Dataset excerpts
=== Section Start ===

(* Let $S_{1,n-3}$ be the tree with vertices $v_0,v_1,\dots,v_{n-1}$ and edges $e_1=\{v_0,v_1\}$, $e_2=\{v_1,v_2\}$, $e_i=\{v_2,v_i\}$ for $3\le i\le n-1$. Let $B_1=\{e_1,\dots,e_{n-1},f_1,f_2\}$ with $f_1=\{v_0,v_2\}$, $f_2=\{v_1,v_3\}$, and $B_2=\{e_1,\dots,e_{n-1},f_1,f_2\}$ with $f_1=\{v_0,v_2\}$, $f_2=\{v_3,v_4\}$. Then: (1) the eigenvalues of $\mathfrak{D}_2(S_{1,n-3})[B_1,B_1]$ are $-1$ with multiplicity $n-5$ and the roots of $h_1(x)=x^6-2(n-1)x^5-3(7n-12)x^4-18(3n-7)x^3-5(9n-22)x^2-(13n-28)x-(n-1)$; (2) the eigenvalues of $\mathfrak{D}_2(S_{1,n-3})[B_2,B_2]$ are $-1$ with multiplicity $n-5$ and the roots of $h_2(x)=x^6-2(n-1)x^5-(21n-22)x^4-(62n-141)x^3-(53n-133)x^2-(15n-34)x-(n-1)$.
   Context: For a tree $T$, let $\mathcal{V}_2$ be the set of 2-element vertex subsets (edges regarded as elements of $\mathcal{V}_2$). The 2-Steiner distance matrix $\mathfrak{D}_2(T)$ is indexed by $\mathcal{V}_2$, with entry in row $\{i,j\}$, column $\{k,l\}$ equal to the minimum number of edges of a connected subtree of $T$ whose vertex set contains $i,j,k,l$. $M[B,B]$ denotes the principal submatrix with rows and columns indexed by $B$. *)

theory Defs
  imports "Jordan_Normal_Form.Char_Poly"
begin

text \<open>A graph is given by its edge set, each edge a 2-element set of vertices.\<close>

definition edge_rel :: "'v set set \<Rightarrow> ('v \<times> 'v) set" where
  "edge_rel F = {(u, v). {u, v} \<in> F}"

definition connected_with :: "'v set set \<Rightarrow> 'v set \<Rightarrow> bool" where
  "connected_with F S \<longleftrightarrow>
     (\<forall>u \<in> \<Union>F \<union> S. \<forall>v \<in> \<Union>F \<union> S. (u, v) \<in> (edge_rel F)\<^sup>*)"

definition steiner_dist :: "'v set set \<Rightarrow> 'v set \<Rightarrow> nat" where
  "steiner_dist E S = (LEAST k. \<exists>F \<subseteq> E. card F = k \<and> connected_with F S)"

text \<open>Entry of the 2-Steiner distance matrix in row {i,j}, column {k,l}.\<close>

definition steiner2 :: "'v set set \<Rightarrow> 'v set \<Rightarrow> 'v set \<Rightarrow> nat" where
  "steiner2 E p q = steiner_dist E (p \<union> q)"

text \<open>Principal submatrix of the 2-Steiner distance matrix with rows/columns
  indexed by the elements of B, listed (without repetition) in the list bs.\<close>

definition steiner2_submatrix :: "'v set set \<Rightarrow> 'v set list \<Rightarrow> real mat" where
  "steiner2_submatrix E bs =
     mat (length bs) (length bs) (\<lambda>(i, j). real (steiner2 E (bs ! i) (bs ! j)))"

text \<open>The tree S_{1,n-3} on vertices 0..n-1 (v_i = i):
  e_1 = {0,1}, e_2 = {1,2}, e_i = {2,i} for 3 <= i <= n-1.\<close>

definition tree_edge :: "nat \<Rightarrow> nat set" where
  "tree_edge i = (if i = 1 then {0, 1} else if i = 2 then {1, 2} else {2, i})"

definition S1 :: "nat \<Rightarrow> nat set set" where
  "S1 n = tree_edge ` {1..n - 1}"

definition B1_list :: "nat \<Rightarrow> nat set list" where
  "B1_list n = map tree_edge [1..<n] @ [{0, 2}, {1, 3}]"

definition B2_list :: "nat \<Rightarrow> nat set list" where
  "B2_list n = map tree_edge [1..<n] @ [{0, 2}, {3, 4}]"

definition h1 :: "nat \<Rightarrow> real poly" where
  "h1 n = [: -(real n - 1), -(13 * real n - 28), -5 * (9 * real n - 22),
             -18 * (3 * real n - 7), -3 * (7 * real n - 12), -2 * (real n - 1), 1 :]"

definition h2 :: "nat \<Rightarrow> real poly" where
  "h2 n = [: -(real n - 1), -(15 * real n - 34), -(53 * real n - 133),
             -(62 * real n - 141), -(21 * real n - 22), -2 * (real n - 1), 1 :]"

end

theory Submission
  imports Defs
begin

(* For a vertex set U with at least two elements, the minimal subtree of S_{1,n-3} spanning U
   consists of {0,1} if 0 is in U, of {1,2} if U meets both {0,1} and {2,3,...}, and of {2,i} for
   every i >= 3 in U; so every entry of D_2[B,B] has a closed form.
   The pendant edges {2,i} lying in no extra pair of B are twins: their rows and columns agree
   outside the twin block, on which D_2 is I + 2 (J - I). Merging m twins splits off the factor
   (x + 1)^(m - 1) of the characteristic polynomial and leaves a quotient matrix of size 6 (for
   B_1) or 7 (for B_2, contributing one more factor x + 1) whose characteristic polynomial is
   evaluated symbolically in n. For B_2 and n = 5 there are no twins and the 6 x 6 matrix is
   evaluated directly. *)

section \<open>Steiner distances in S_{1,n-3}\<close>

lemma mem_edge_rel_iff [simp]: "(a, b) \<in> edge_rel F \<longleftrightarrow> {a, b} \<in> F"
  by (simp add: edge_rel_def)

lemma sym_edge_rel: "sym (edge_rel F)"
  unfolding sym_def by (simp add: insert_commute)

lemma rtrancl_exits_set:
  assumes "(u, v) \<in> r\<^sup>*" "u \<in> X" "v \<notin> X"
  shows "\<exists>a b. (a, b) \<in> r \<and> a \<in> X \<and> b \<notin> X"
  using assms by (induction rule: rtrancl_induct) auto

lemma connected_with_crossing_edge:
  assumes "connected_with F U" "u \<in> U" "u \<in> X" "v \<in> U" "v \<notin> X"
  shows "\<exists>e\<in>F. e \<inter> X \<noteq> {} \<and> \<not> e \<subseteq> X"
proof -
  have "(u, v) \<in> (edge_rel F)\<^sup>*"
    using assms(1,2,4) unfolding connected_with_def by blast
  then obtain a b where "{a, b} \<in> F" "a \<in> X" "b \<notin> X"
    using assms(3,5) rtrancl_exits_set[of u v "edge_rel F" X] by auto
  then show ?thesis
    by (intro bexI[of _ "{a, b}"]) auto
qed

lemma S1E:
  assumes "e \<in> S1 n"
  obtains "e = {0, 1}" | "e = {1, 2}" | i where "3 \<le> i" "i < n" "e = {2, i}"
proof -
  obtain j where j: "1 \<le> j" "j < n" "e = tree_edge j"
    using assms unfolding S1_def by force
  consider "j = 1" | "j = 2" | "3 \<le> j"
    using j(1) by linarith
  then show thesis
    using that j unfolding tree_edge_def by cases auto
qed

lemma S1I:
  assumes "3 \<le> n"
  shows "{0, 1} \<in> S1 n" "{1, 2} \<in> S1 n" "\<And>i. 3 \<le> i \<Longrightarrow> i < n \<Longrightarrow> {2, i} \<in> S1 n"
proof -
  have mem: "tree_edge j \<in> S1 n" if "1 \<le> j" "j < n" for j
    using that unfolding S1_def by auto
  show "{0, 1} \<in> S1 n" "{1, 2} \<in> S1 n"
    using mem[of 1] mem[of 2] assms by (simp_all add: tree_edge_def)
  show "{2, i} \<in> S1 n" if "3 \<le> i" "i < n" for i
    using mem[of i] that by (simp add: tree_edge_def)
qed

definition S1_subtree :: "nat set \<Rightarrow> nat set set" where
  "S1_subtree U =
     (if 0 \<in> U then {{0, 1}} else {}) \<union>
     (if (0 \<in> U \<or> 1 \<in> U) \<and> (\<exists>v\<in>U. 2 \<le> v) then {{1, 2}} else {}) \<union>
     (\<lambda>i. {2, i}) ` (U \<inter> {3..})"

definition S1_steiner :: "nat set \<Rightarrow> nat" where
  "S1_steiner U =
     (if 0 \<in> U then 1 else 0) +
     (if (0 \<in> U \<or> 1 \<in> U) \<and> (\<exists>v\<in>U. 2 \<le> v) then 1 else 0) +
     card (U \<inter> {3..})"

lemma S1_subtree_subset:
  assumes "3 \<le> n" "U \<subseteq> {0..<n}"
  shows "S1_subtree U \<subseteq> S1 n"
  using assms S1I unfolding S1_subtree_def by (auto simp: subset_iff)

lemma card_S1_subtree:
  assumes "finite U"
  shows "card (S1_subtree U) = S1_steiner U"
proof -
  let ?P = "(\<lambda>i. {2, i}) ` (U \<inter> {3..})"
  have "card ?P = card (U \<inter> {3..})"
    by (rule card_image, rule inj_onI) (simp add: doubleton_eq_iff)
  moreover have "{0, 1} \<notin> ?P" "{1, 2} \<notin> ?P" "{0, 1} \<noteq> {1, 2::nat}"
    by (force simp: doubleton_eq_iff image_iff)+
  moreover have "finite ?P"
    using assms by simp
  ultimately show ?thesis
    unfolding S1_subtree_def S1_steiner_def using assms by (simp add: card_insert_if)
qed

lemma S1_subtree_minimal:
  assumes F: "F \<subseteq> S1 n" and conn: "connected_with F U"
    and uv: "u \<in> U" "v \<in> U" "u \<noteq> v"
  shows "S1_subtree U \<subseteq> F"
proof -
  have other: "\<exists>w\<in>U. w \<notin> {z}" for z
    using uv by (cases "u = z") auto
  have crossing: "\<exists>e\<in>F. e \<inter> X \<noteq> {} \<and> \<not> e \<subseteq> X \<and> e \<in> S1 n"
    if "w \<in> U" "w \<in> X" "z \<in> U" "z \<notin> X" for w z X
    using connected_with_crossing_edge[OF conn that] F by blast
  have "{0, 1} \<in> F" if zero: "0 \<in> U"
  proof -
    obtain w where "w \<in> U" "w \<notin> {0}"
      using other[of 0] by blast
    then obtain e where "e \<in> S1 n" "e \<in> F" "e \<inter> {0} \<noteq> {}" "\<not> e \<subseteq> {0}"
      using crossing[of 0 "{0}" w] zero by blast
    then show ?thesis
      by (cases rule: S1E) auto
  qed
  moreover have "{1, 2} \<in> F" if low: "0 \<in> U \<or> 1 \<in> U" and high: "\<exists>v\<in>U. 2 \<le> v"
  proof -
    obtain w where w: "w \<in> U" "w \<in> {0, 1}"
      using low by blast
    obtain z where z: "z \<in> U" "z \<notin> {0, 1}"
      using high by fastforce
    obtain e where "e \<in> S1 n" "e \<in> F" "e \<inter> {0, 1} \<noteq> {}" "\<not> e \<subseteq> {0, 1}"
      using crossing[OF w z] by blast
    then show ?thesis
      by (cases rule: S1E) auto
  qed
  moreover have "{2, i} \<in> F" if leaf: "i \<in> U" "3 \<le> i" for i
  proof -
    obtain w where "w \<in> U" "w \<notin> {i}"
      using other[of i] by blast
    then obtain e where "e \<in> S1 n" "e \<in> F" "e \<inter> {i} \<noteq> {}" "\<not> e \<subseteq> {i}"
      using crossing[of i "{i}" w] leaf(1) by blast
    then show ?thesis
      using leaf(2) by (cases rule: S1E) auto
  qed
  ultimately show ?thesis
    unfolding S1_subtree_def by auto
qed

lemma connected_with_S1_subtree:
  assumes "u \<in> U" "v \<in> U" "u \<noteq> v"
  shows "connected_with (S1_subtree U) U"
proof (cases "\<exists>v\<in>U. 2 \<le> v")
  case True
  let ?R = "edge_rel (S1_subtree U)"
  have to_hub: "(w, 2) \<in> ?R\<^sup>*" if w: "w \<in> \<Union>(S1_subtree U) \<union> U" for w
  proof -
    consider "w = 0" | "w = 1" | "w = 2" | "3 \<le> w"
      by linarith
    then show ?thesis
    proof cases
      case 1
      with w True have "(0, 1) \<in> ?R" "(1, 2) \<in> ?R"
        unfolding S1_subtree_def by (auto split: if_splits)
      with 1 show ?thesis
        by (meson converse_rtrancl_into_rtrancl r_into_rtrancl)
    next
      case 2
      with w True have "(1, 2) \<in> ?R"
        unfolding S1_subtree_def by (auto split: if_splits)
      with 2 show ?thesis
        by blast
    next
      case 4
      with w have "(w, 2) \<in> ?R"
        unfolding S1_subtree_def by (auto simp: insert_commute split: if_splits)
      then show ?thesis
        by blast
    qed simp
  qed
  have "sym (?R\<^sup>*)"
    by (rule sym_rtrancl[OF sym_edge_rel])
  then show ?thesis
    unfolding connected_with_def by (metis rtrancl_trans symD to_hub)
next
  case False
  then have "U \<subseteq> {0, 1}"
    by (auto simp: not_le)
  moreover from this assms have "{u, v} = {0, 1}"
    by auto
  ultimately have "U = {0, 1}"
    using assms by blast
  then show ?thesis
    unfolding connected_with_def S1_subtree_def by (auto simp: insert_commute)
qed

lemma steiner_dist_S1:
  assumes "3 \<le> n" "U \<subseteq> {0..<n}" "u \<in> U" "v \<in> U" "u \<noteq> v"
  shows "steiner_dist (S1 n) U = S1_steiner U"
  unfolding steiner_dist_def
proof (rule Least_equality)
  have "finite U"
    using assms(2) finite_subset by blast
  then show "\<exists>F\<subseteq>S1 n. card F = S1_steiner U \<and> connected_with F U"
    using assms S1_subtree_subset card_S1_subtree connected_with_S1_subtree
    by (intro exI[of _ "S1_subtree U"]) simp
next
  fix k assume "\<exists>F\<subseteq>S1 n. card F = k \<and> connected_with F U"
  then obtain F where F: "F \<subseteq> S1 n" "card F = k" "connected_with F U"
    by blast
  have "finite F"
    using F(1) finite_subset unfolding S1_def by blast
  then have "card (S1_subtree U) \<le> k"
    using S1_subtree_minimal[OF F(1,3) assms(3-5)] F(2) card_mono by blast
  moreover have "finite U"
    using assms(2) finite_subset by blast
  ultimately show "S1_steiner U \<le> k"
    using card_S1_subtree by simp
qed

lemma steiner2_S1:
  assumes "3 \<le> n" "card P = 2" "P \<subseteq> {0..<n}" "Q \<subseteq> {0..<n}"
  shows "steiner2 (S1 n) P Q = S1_steiner (P \<union> Q)"
proof -
  obtain p q where "P = {p, q}" "p \<noteq> q"
    using card_2_iff[THEN iffD1, OF assms(2)] by blast
  then show ?thesis
    unfolding steiner2_def using assms by (intro steiner_dist_S1[of n "P \<union> Q" p q]) auto
qed

lemma tree_edge_pair:
  assumes "1 \<le> i" "i < n"
  shows "card (tree_edge i) = 2 \<and> tree_edge i \<subseteq> {0..<n}"
  using assms unfolding tree_edge_def by (simp add: card_insert_if)

lemma tree_edges_pairs: "\<forall>P\<in>set (map tree_edge [1..<n]). card P = 2 \<and> P \<subseteq> {0..<n}"
  using tree_edge_pair by fastforce

lemma B1_list_pairs:
  assumes "4 \<le> n"
  shows "\<forall>P\<in>set (B1_list n). card P = 2 \<and> P \<subseteq> {0..<n}"
  using assms tree_edges_pairs[of n] unfolding B1_list_def by simp

lemma B2_list_pairs:
  assumes "5 \<le> n"
  shows "\<forall>P\<in>set (B2_list n). card P = 2 \<and> P \<subseteq> {0..<n}"
  using assms tree_edges_pairs[of n] unfolding B2_list_def by simp
lemma max_consistent_theory_if_decides:
  assumes derivable: "{a. derivable a} \<subseteq> y"
    and mp: "\<And>a b. Imp a b \<in> y \<Longrightarrow> a \<in> y \<Longrightarrow> b \<in> y"
    and Bot: "Bot \<notin> y"
    and decides: "\<And>a. decides a y"
  shows "max_consistent_theory y"
proof -
  have ex_falso: "a \<in> s \<Longrightarrow> Neg a \<in> s \<Longrightarrow> Bot \<in> s"
    if "{a. derivable a} \<subseteq> s" "\<And>a b. Imp a b \<in> s \<Longrightarrow> a \<in> s \<Longrightarrow> b \<in> s" for a s
  proof -
    have "derivable (Imp a (Imp (Neg a) Bot))"
      by (intro derivable.Ax axiom.A0) (simp add: tautology_def Imp_def Bot_def)
    with that(1) have "Imp a (Imp (Neg a) Bot) \<in> s" by blast
    then show "a \<in> s \<Longrightarrow> Neg a \<in> s \<Longrightarrow> Bot \<in> s"
      using that(2) by blast
  qed
  have contradiction: "a \<in> y \<Longrightarrow> Neg a \<in> y \<Longrightarrow> False" for a
    using ex_falso[of y a, OF derivable] mp Bot by blast
  have "is_theory y"
    unfolding is_theory_def
  proof (intro conjI allI impI derivable)
    show "Imp a b \<in> y \<Longrightarrow> a \<in> y \<Longrightarrow> b \<in> y" for a b by (fact mp)
    fix f c assume instances: "\<forall>b. box_free b \<longrightarrow> nfill f (Ann b c) \<in> y"
    show "nfill f (Box c) \<in> y"
    proof (rule ccontr)
      assume "nfill f (Box c) \<notin> y"
      then obtain b where "box_free b" "Neg (nfill f (Ann b c)) \<in> y"
        using decides[of "nfill f (Box c)"] unfolding decides_def by blast
      then show False
        using instances contradiction by blast
    qed
  qed
  moreover have "\<not> consistent_set s" if "y \<subset> s" for s
  proof
    assume "consistent_set s"
    then obtain z where z: "is_theory z" "Bot \<notin> z" "s \<subseteq> z"
      unfolding consistent_set_def consistent_theory_def by blast
    obtain a where "a \<in> s" "a \<notin> y" using \<open>y \<subset> s\<close> by blast
    then have "a \<in> z" "Neg a \<in> z"
      using decides[of a] \<open>y \<subset> s\<close> z(3) unfolding decides_def by blast+
    then show False
      using z ex_falso[of z a] theory_derivable[of z] theory_mp[of z] by blast
  qed
  ultimately show ?thesis
    using Bot unfolding max_consistent_theory_def consistent_theory_def by blast
qed
text \<open>A discrete Brownian path from \<open>v 0\<close> is dominated, up to a constant, by independent
  Gaussians centred at \<open>v 0\<close>: by Cauchy--Schwarz every displacement is controlled by the
  energy \<open>\<Sum> (\<Delta>v)\<^sup>2 / \<Delta>t\<close> of the path.\<close>

lemma prod_heat_chain_le:
  fixes t v :: "nat \<Rightarrow> real"
  assumes t_step: "\<And>i. i \<le> n \<Longrightarrow> t i < t (Suc i)" and "0 < n"
  defines "s \<equiv> real n * (t (Suc n) - t 0)"
  shows "(\<Prod>i<n + 1. heat (t (Suc i) - t i) (v i) (v (Suc i)))
    \<le> sqrt (2 * pi * s) ^ n / (\<Prod>i<n + 1. sqrt (2 * pi * (t (Suc i) - t i)))
      * (\<Prod>i<n. heat s (v 0) (v (Suc i)))"
proof -
  define E where "E = (\<Sum>i<n + 1. (v (Suc i) - v i)^2 / (t (Suc i) - t i))"
  define Z where "Z = (\<Prod>i<n + 1. sqrt (2 * pi * (t (Suc i) - t i)))"
  have "Z > 0"
    unfolding Z_def using t_step by (intro prod_pos) simp
  have "t (Suc n) - t 0 = (\<Sum>i<n + 1. t (Suc i) - t i)"
    using sum_lessThan_telescope[of t "n + 1"] by simp
  also have "\<dots> > 0"
    using t_step by (intro sum_pos) auto
  finally have "s > 0"
    using \<open>0 < n\<close> by (simp add: s_def)
  have "(\<Sum>i<n. (v 0 - v (Suc i))^2) \<le> s * E"
    unfolding s_def E_def by (rule sum_sq_displacement_le_energy[of n t, OF t_step])
  then have "exp (- E / 2) \<le> exp (- (\<Sum>i<n. (v 0 - v (Suc i))^2) / (2 * s))"
    using \<open>s > 0\<close> by (simp add: field_simps)
  then have "exp (- E / 2) / Z \<le> sqrt (2 * pi * s) ^ n / Z * (\<Prod>i<n. heat s (v 0) (v (Suc i)))"
    using \<open>Z > 0\<close> \<open>s > 0\<close> by (simp add: prod_heat divide_right_mono)
  then show ?thesis
    unfolding prod_heat_steps E_def Z_def .
qed
(* Let $\mathbb{T}$ be a time scale, $t_0\in\mathbb{T}$, $b,c:\mathbb{T}\to[0,\infty)$, $x_0>0$, $y_0>0$, $z_0\ge0$, and let $(x,y,z)$ be a solution of $$x^{\Delta}=-\frac{b(t)\,x\,y^{\sigma}}{x+y},\qquad y^{\Delta}=\frac{b(t)\,x\,y^{\sigma}}{x+y}-c(t)\,y^{\sigma},\qquad z^{\Delta}=c(t)\,y^{\sigma},$$ with $x,y:\mathbb{T}\to(0,\infty)$, $z:\mathbb{T}\to[0,\infty)$, $x(t_0)=x_0$, $y(t_0)=y_0$, $z(t_0)=z_0$. If $c(t)\ge b(t)$ for all $t\in\mathbb{T}$, or $\frac{x_0}{x_0+y_0}b(t)\le c(t)\le b(t)$ for all $t\in\mathbb{T}$, then $y$ is decreasing, i.e. $y^{\Delta}(t)\le0$ for all $t$. If $\frac{x_0}{x_0+y_0}b(t_0)\ge c(t_0)$, then $y^{\Delta}(t_0)\ge0$.
   Context: A time scale $\mathbb{T}$ is a nonempty closed subset of $\mathbb{R}$. $\sigma(t)=\inf\{s\in\mathbb{T}:s>t\}$, $f^{\sigma}=f\circ\sigma$. $f^{\Delta}$ is the delta (Hilger) derivative: for every $\varepsilon>0$ there is $\delta>0$ with $|f(\sigma(t))-f(s)-f^{\Delta}(t)(\sigma(t)-s)|\le\varepsilon|\sigma(t)-s|$ for $s\in(t-\delta,t+\delta)\cap\mathbb{T}$. *)

theory Defs
  imports "HOL-Analysis.Analysis"
begin

definition time_scale :: "real set \<Rightarrow> bool" where
  "time_scale T \<longleftrightarrow> T \<noteq> {} \<and> closed T"

text \<open>Forward jump operator; convention inf of the empty set = sup T, i.e. sigma (max T) = max T.\<close>
definition ts_sigma :: "real set \<Rightarrow> real \<Rightarrow> real" where
  "ts_sigma T t = (if \<exists>s\<in>T. s > t then Inf {s\<in>T. s > t} else t)"

definition has_delta_derivative :: "real set \<Rightarrow> (real \<Rightarrow> real) \<Rightarrow> real \<Rightarrow> real \<Rightarrow> bool" where
  "has_delta_derivative T f D t \<longleftrightarrow>
     (\<forall>\<epsilon>>0. \<exists>\<delta>>0. \<forall>s\<in>T. \<bar>s - t\<bar> < \<delta> \<longrightarrow>
        \<bar>f (ts_sigma T t) - f s - D * (ts_sigma T t - s)\<bar> \<le> \<epsilon> * \<bar>ts_sigma T t - s\<bar>)"

end

theory Submission
  imports Defs
begin

text \<open>
  Writing \<open>y\<^sup>\<Delta> = y\<^sup>\<sigma> (b x/(x+y) - c)\<close> with \<open>y\<^sup>\<sigma> > 0\<close>, the sign of \<open>y\<^sup>\<Delta>\<close> is that of
  \<open>b x/(x+y) - c\<close>. If \<open>c \<ge> b\<close> this is nonpositive because \<open>x/(x+y) \<le> 1\<close>. If \<open>c \<le> b\<close>, the
  cross term \<open>x\<^sup>\<Delta> y - x y\<^sup>\<Delta> = x y\<^sup>\<sigma> (c - b)\<close> is nonpositive, so the ratio \<open>x/y\<close>, and with it
  the susceptible share \<open>x/(x+y)\<close>, never exceeds its initial value; the lower bound on \<open>c\<close>
  then gives the sign. That \<open>x/y\<close> is nonincreasing is checked separately at right-scattered
  points (one exact jump \<open>f\<^sup>\<sigma> = f + \<mu> f\<^sup>\<Delta>\<close>) and right-dense points (an ordinary
  one-sided derivative), and glued together by the induction principle for time scales.
\<close>

lemma ts_sigma_ge: "t \<le> ts_sigma T t"
  unfolding ts_sigma_def by (auto intro: cInf_greatest)

lemma ts_sigma_le:
  assumes "s \<in> T" "t < s"
  shows "ts_sigma T t \<le> s"
  using assms unfolding ts_sigma_def by (auto intro!: cInf_lower bdd_belowI[of _ t])

lemma ts_sigma_in:
  assumes "closed T" "t \<in> T"
  shows "ts_sigma T t \<in> T"
proof (cases "\<exists>s\<in>T. t < s")
  case True
  then have "Inf {s\<in>T. t < s} \<in> closure {s\<in>T. t < s}"
    by (intro closure_contains_Inf) (auto intro: bdd_belowI[of _ t])
  also have "\<dots> \<subseteq> T"
    using assms(1) by (simp add: closure_minimal)
  finally show ?thesis
    using True by (simp add: ts_sigma_def)
qed (simp add: ts_sigma_def assms)

lemma ts_right_dense_approx:
  assumes "ts_sigma T t = t" "s \<in> T" "t < s" "e > 0"
  shows "\<exists>r\<in>T. t < r \<and> r < t + e"
proof -
  have "Inf {s\<in>T. t < s} < t + e"
    using assms by (auto simp: ts_sigma_def split: if_splits)
  then show ?thesis
    using assms(2,3) by (subst (asm) cInf_less_iff) (auto intro: bdd_belowI[of _ t])
qed

lemma has_delta_derivative_sigma:
  assumes "has_delta_derivative T f D t" "t \<in> T"
  shows "f (ts_sigma T t) = f t + (ts_sigma T t - t) * D"
proof -
  define \<mu> where "\<mu> = \<bar>ts_sigma T t - t\<bar>"
  define E where "E = \<bar>f (ts_sigma T t) - f t - D * (ts_sigma T t - t)\<bar>"
  have "E \<le> 0 + e" if "e > 0" for e
  proof -
    have "E \<le> e / (\<mu> + 1) * \<mu>"
      using assms \<open>e > 0\<close> unfolding has_delta_derivative_def E_def \<mu>_def
      by (metis abs_ge_zero add_nonneg_pos diff_self divide_pos_pos zero_less_one abs_zero)
    also have "\<dots> \<le> e"
      using \<open>e > 0\<close> by (simp add: \<mu>_def field_simps)
    finally show ?thesis by simp
  qed
  then have "E \<le> 0"
    by (rule field_le_epsilon)
  then show ?thesis
    by (simp add: E_def algebra_simps)
qed

lemma has_delta_derivative_imp_continuous:
  assumes "has_delta_derivative T f D t" "t \<in> T"
  shows "continuous (at t within T) f"
proof -
  define \<sigma> where "\<sigma> = ts_sigma T t"
  define g where "g s = f \<sigma> - f s - D * (\<sigma> - s)" for s
  have "(g \<longlongrightarrow> 0) (at t within T)"
  proof (rule tendstoI)
    fix e :: real
    assume "e > 0"
    define \<epsilon> where "\<epsilon> = e / (\<bar>\<sigma> - t\<bar> + 2)"
    have "\<epsilon> > 0"
      using \<open>e > 0\<close> by (simp add: \<epsilon>_def)
    then obtain d where "d > 0" and d: "\<forall>s\<in>T. \<bar>s - t\<bar> < d \<longrightarrow> \<bar>g s\<bar> \<le> \<epsilon> * \<bar>\<sigma> - s\<bar>"
      using assms(1) unfolding has_delta_derivative_def g_def \<sigma>_def by blast
    have "\<bar>g s\<bar> < e" if "s \<in> T" "\<bar>s - t\<bar> < min d 1" for s
    proof -
      have "\<bar>g s\<bar> \<le> \<epsilon> * \<bar>\<sigma> - s\<bar>"
        using d that by simp
      also have "\<dots> \<le> \<epsilon> * (\<bar>\<sigma> - t\<bar> + 1)"
        using \<open>\<epsilon> > 0\<close> that by (intro mult_left_mono) auto
      also have "\<dots> < e"
        using \<open>e > 0\<close> by (simp add: \<epsilon>_def field_simps)
      finally show ?thesis .
    qed
    then show "\<forall>\<^sub>F s in at t within T. dist (g s) 0 < e"
      using \<open>d > 0\<close> unfolding eventually_at dist_real_def
      by (metis min_less_iff_conj zero_less_one diff_0_right)
  qed
  then have "((\<lambda>s. f \<sigma> - D * (\<sigma> - s) - g s) \<longlongrightarrow> f \<sigma> - D * (\<sigma> - t) - 0) (at t within T)"
    by (intro tendsto_intros)
  moreover have "f \<sigma> - D * (\<sigma> - t) = f t"
    using has_delta_derivative_sigma[OF assms] by (simp add: \<sigma>_def algebra_simps)
  ultimately show ?thesis
    unfolding continuous_within by (simp add: g_def)
qed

=== Section End ===

→ **WORK ITEM**
Copy the lines above exactly. Start with the line containing "using F(1) finite_subset", end with the line containing "2 \<and> tree_edge", and include both.

→ **REPLY TO THE EXERCISE**
    using F(1) finite_subset unfolding S1_def by blast
  then have "card (S1_subtree U) \<le> k"
    using S1_subtree_minimal[OF F(1,3) assms(3-5)] F(2) card_mono by blast
  moreover have "finite U"
    using assms(2) finite_subset by blast
  ultimately show "S1_steiner U \<le> k"
    using card_S1_subtree by simp
qed

lemma steiner2_S1:
  assumes "3 \<le> n" "card P = 2" "P \<subseteq> {0..<n}" "Q \<subseteq> {0..<n}"
  shows "steiner2 (S1 n) P Q = S1_steiner (P \<union> Q)"
proof -
  obtain p q where "P = {p, q}" "p \<noteq> q"
    using card_2_iff[THEN iffD1, OF assms(2)] by blast
  then show ?thesis
    unfolding steiner2_def using assms by (intro steiner_dist_S1[of n "P \<union> Q" p q]) auto
qed

lemma tree_edge_pair:
  assumes "1 \<le> i" "i < n"
  shows "card (tree_edge i) = 2 \<and> tree_edge i \<subseteq> {0..<n}"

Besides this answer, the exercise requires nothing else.